The story has enough twists and turns and follows the life of a person who just happens to be transsexual. Now, does it still sound like a message movie?
 
It sounds like a message movie to me.

Sales agents, distributors and potential buyers are
only interested in completed movies so you shouldn't
focus on that aspect. Your chances of finding funding
in the States are not good. I see no reason why the
final product couldn't find an international market, but
funding is likely going to need to come from people
known to you.
 
I think the story is compelling, but I agree it sounds like a "Message" movie. I like the comparisons in the ending on an intellectual level, but am unsure whether I'd enjoy watching it as a film. Which is not to say it's not a good approach to the film, Message movies end up being avoided by the general movie-going public in the US and being directly preached to can be off-putting to the target audience, even at international film festivals. working the story a bit to make it more about the person and less about their "condition" could have more potential to reach an audience. Again, we haven't read the script either, so the synopsis above may just be more on point than the actual script.
 
Yep, that's a message movie. Plus, it's not so much a movie as it is an epic. You've got a whole lot of story going on there. That's a three-hour movie.

I'm sorry to repeat myself, but I really feel like your intended message of transsexual acceptance will be so much more effective if you make a movie that's NOT about transsexual acceptance.

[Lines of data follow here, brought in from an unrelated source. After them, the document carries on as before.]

lemma strict_mono_on_atLeastAtMostI:
  fixes i :: "nat \<Rightarrow> nat"
  assumes "\<forall>s\<in>{1..<k}. i s < i (Suc s)"
  shows "strict_mono_on {1..k} i"
proof (rule strict_mono_onI)
  fix s s' :: nat assume s: "s \<in> {1..k}" "s' \<in> {1..k}" "s < s'"
  then have "Suc s \<le> s'" by simp
  then show "i s < i s'"
  proof (induction s' rule: dec_induct)
    case base
    then show ?case using assms s by auto
  next
    case (step n)
    then have "n \<in> {1..<k}" using s by auto
    then have "i n < i (Suc n)" using assms by blast
    then show ?case using step.IH by simp
  qed
qed

lemma common_subseq_lengths_le:
  assumes "k \<in> common_subseq_lengths n x y"
  shows "k \<le> n"
proof -
  obtain i j :: "nat \<Rightarrow> nat" where
    range: "\<forall>s\<in>{1..k}. 1 \<le> i s \<and> i s \<le> n \<and> 1 \<le> j s \<and> j s \<le> n \<and> x (i s) = y (j s)" and
    chain: "\<forall>s\<in>{1..<k}. i s < i (Suc s) \<and> j s < j (Suc s)"
    using assms unfolding common_subseq_lengths_def by blast
  have "inj_on i {1..k}"
    using chain by (intro strict_mono_on_imp_inj_on strict_mono_on_atLeastAtMostI) auto
  then have "card {1..k} \<le> card {1..n}"
    using range by (intro card_inj_on_le) auto
  then show ?thesis by simp
qed

lemma finite_common_subseq_lengths: "finite (common_subseq_lengths n x y)"
  by (rule finite_subset[of _ "{..n}"]) (auto dest: common_subseq_lengths_le)

lemma LC_ge: "k \<in> common_subseq_lengths n x y \<Longrightarrow> k \<le> LC n x y"
  unfolding LC_eq_Max using finite_common_subseq_lengths by (rule Max_ge)

lemma LC_mem_common_subseq_lengths: "LC n x y \<in> common_subseq_lengths n x y"
proof -
  have "0 \<in> common_subseq_lengths n x y" by (auto simp: common_subseq_lengths_def)
  then show ?thesis unfolding LC_eq_Max by (intro Max_in finite_common_subseq_lengths) blast
qed

lemma common_subseq_lengths_commute_subset:
  "common_subseq_lengths n x y \<subseteq> common_subseq_lengths n y x"
proof
  fix k assume "k \<in> common_subseq_lengths n x y"
  then obtain i j :: "nat \<Rightarrow> nat" where
    "\<forall>s\<in>{1..k}. 1 \<le> i s \<and> i s \<le> n \<and> 1 \<le> j s \<and> j s \<le> n \<and> x (i s) = y (j s)"
    "\<forall>s\<in>{1..<k}. i s < i (Suc s) \<and> j s < j (Suc s)"
    unfolding common_subseq_lengths_def by blast
  then show "k \<in> common_subseq_lengths n y x"
    unfolding common_subseq_lengths_def mem_Collect_eq by (intro exI[of _ j] exI[of _ i]) auto
qed

lemma common_subseq_lengths_commute: "common_subseq_lengths n x y = common_subseq_lengths n y x"
  by (intro equalityI common_subseq_lengths_commute_subset)

lemma LC_commute: "LC n x y = LC n y x"
  by (simp add: LC_eq_Max common_subseq_lengths_commute)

Make a SPORTS MOVIE, or a ROMANTIC COMEDY, or a BUDDY COP movie, or any of the litany of pre-established genres, and follow all of the conventions. Except, the main character is transsexual, and you treat that character with dignity.

Most people won't easily identify with a transsexual character -- it's not that we don't want to, it's just that we haven't dealt with the same issues. So, make a classic story that we can all identify with -- that will pull us into your character. Then, while you've got us, you sneak in subtle bits about what it's like to be a transsexual. Boom -- you just rocked our world.
 
Boom -- you just rocked our world.

Quoted for truth. I don't like being preached at.

Every good movie has some kind of message. ("The Expendables", for example, seems to have the message, "What happened to 80s action movies?!? We all liked those!")

Make a good movie that just happens to have a transsexual main character.
 
It’s neither here nor there, but I don’t like that the character wants to be involved in film making. I’m not saying it is true in your case, but I think many arrive at a point in writing when they do the story about a screenwriter or the story about a film maker, (Hollywood must gets hundreds or thousands of scripts about screenwriters every year!) and to me it just seems too typical. I can understand if maybe it is semi-biographical, but even then I still feel the same way.

Personally I would go typical, but in a way that can work with a theme, like “Don’t judge a book by its cover” (or something similar), like maybe the character is an exceptionally gifted painter that isn’t permitted to attend art school, but can sell anything they paint. Then when this great work by an unknown artist is discovered by high society patrons of the arts, and they seek out the artist to praise and celebrate and commission and elevate them to the greatness they all agree is deserved, the artist’s identity is revealed, and we see these powerful elite that we felt for a moment were like heroes or saviors suddenly go from impressed and intrigued and liberated by the art itself, to being judgmental hypocrites because of the artist. At some point maybe we see the paintings out in the rain with their colors and meanings and hope washing away. Maybe this leads to some kind of fictional sexual identity censorship movement in all colleges, and when the artist speaks out against the government and ingrained social norms, they are left forbidden by law to display or sell their art ever again.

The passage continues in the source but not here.